Das Thema: „Ihr sollt meine Zeugen sein", sagt Jesus - Zeugnis geben von unserem Glauben.
Es braucht immer wieder eine Vertiefung unseres Glaubens, um auch Zeugnis von Christus und seiner Botschaft geben zu können, wie es ja der Auftrag Jesu ist. Christsein ereignet sich im Tun, im Hinhören auf Jesus, im Gebet und im Fragen nach seinem Willen. Dann werde ich den Reichtum der Frohen Botschaft entdecken, mein Leben danach gestalten und Zeugnis geben können, damit auch andere zu Christus finden.
Darüber wollen wir uns gemeinsam Gedanken machen und Möglichkeiten suchen, wie wir den Auftrag Jesu erfüllen können. Auch wollen wir uns im Gespräch über verschiedene Fragen unterhalten. Dias wird es auch geben.

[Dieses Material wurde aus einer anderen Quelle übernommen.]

lemma module_hom_opF: "module_hom smult smult (opF \<alpha> h)"
  by unfold_locales (simp_all add: opF_def pderiv_add pderiv_smult algebra_simps)

lemma module_hom_pderiv: "module_hom smult smult (pderiv :: complex poly \<Rightarrow> complex poly)"
  by unfold_locales (simp_all add: pderiv_add pderiv_smult)

lemma module_hom_x_mult: "module_hom smult smult (\<lambda>g :: complex poly. [:0, 1:] * g)"
  by unfold_locales (simp_all add: algebra_simps)

definition divided_diff :: "complex \<Rightarrow> complex poly \<Rightarrow> complex poly" where
  "divided_diff \<alpha> h = (h - [:poly h \<alpha>:]) div [:-\<alpha>, 1:]"

lemma opF_eq: "opF \<alpha> h f = divided_diff \<alpha> h * f - pderiv f"
  by (simp add: opF_def divided_diff_def)

lemma linear_mult_divided_diff: "[:-\<alpha>, 1:] * divided_diff \<alpha> h = h - [:poly h \<alpha>:]"
proof -
  have "[:-\<alpha>, 1:] dvd h - [:poly h \<alpha>:]"
    using poly_eq_0_iff_dvd[of "h - [:poly h \<alpha>:]" \<alpha>] by simp
  then show ?thesis unfolding divided_diff_def by (rule dvd_mult_div_cancel)
qed

lemma divided_diff_degree_0:
  assumes "degree h = 0"
  shows "divided_diff \<alpha> h = 0"
proof -
  obtain c where "h = [:c:]"
    using assms by (metis degree_0_id)
  then have "[:-\<alpha>, 1:] * divided_diff \<alpha> h = 0"
    by (simp only: linear_mult_divided_diff) simp
  then show ?thesis by (simp del: mult_pCons_left)
qed

lemma degree_lead_coeff_divided_diff:
  assumes "degree h \<ge> 1"
  shows "degree (divided_diff \<alpha> h) = degree h - 1 \<and> lead_coeff (divided_diff \<alpha> h) = lead_coeff h"
proof -
  have deg: "degree (h - [:poly h \<alpha>:]) = degree h"
    using assms degree_add_eq_left[of "[:- poly h \<alpha>:]" h] by (simp add: diff_conv_add_uminus)
  moreover have lc: "lead_coeff (h - [:poly h \<alpha>:]) = lead_coeff h"
    using assms deg by (simp add: coeff_pCons split: nat.split)
  moreover have "divided_diff \<alpha> h \<noteq> 0"
    using deg assms linear_mult_divided_diff[of \<alpha> h] by auto
  then have "degree ([:-\<alpha>, 1:] * divided_diff \<alpha> h) = 1 + degree (divided_diff \<alpha> h)"
    using degree_mult_eq[of "[:-\<alpha>, 1:]" "divided_diff \<alpha> h"] by (simp del: mult_pCons_left)
  moreover have "lead_coeff ([:-\<alpha>, 1:] * divided_diff \<alpha> h) = lead_coeff (divided_diff \<alpha> h)"
    by (simp only: lead_coeff_mult) simp
  ultimately show ?thesis
    unfolding linear_mult_divided_diff by simp
qed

Ich hoffe und freue mich auf ein gutes Gelingen der Hauslehren und auch auf zahlreichen Besuch.

Herbergsuche
Ein alter Brauch im Advent ist das „Herbergsuchen" oder „Frautragen", wie es auch genannt wird.
Worum geht es? Ein Bild von der Herbergsuche wird von Haus zu Haus, von Familie zu Familie getragen, freilich auch zu Alleinstehenden.
Das Bild bleibt dort in der Regel eine Nacht und einen Tag und wird dann wieder weitergetragen.
Was ist der Sinn? Es ist eine Hilfe zum Gebet und zum Feiern in der Familie („Hauskirche"). Auch wir sollen Jesus eine Herberge bei uns und in uns geben. Ein Gebetstext als Anregung wird beim Bild dabei sein.
Wer das Bild haben möchte, melde sich bei den Pfarrgemeinderäten oder im Pfarramt.

Gottes Segen begleite euch alle. 
Das wünschen Maria Gassner und Pfarrer Gustav Leitner.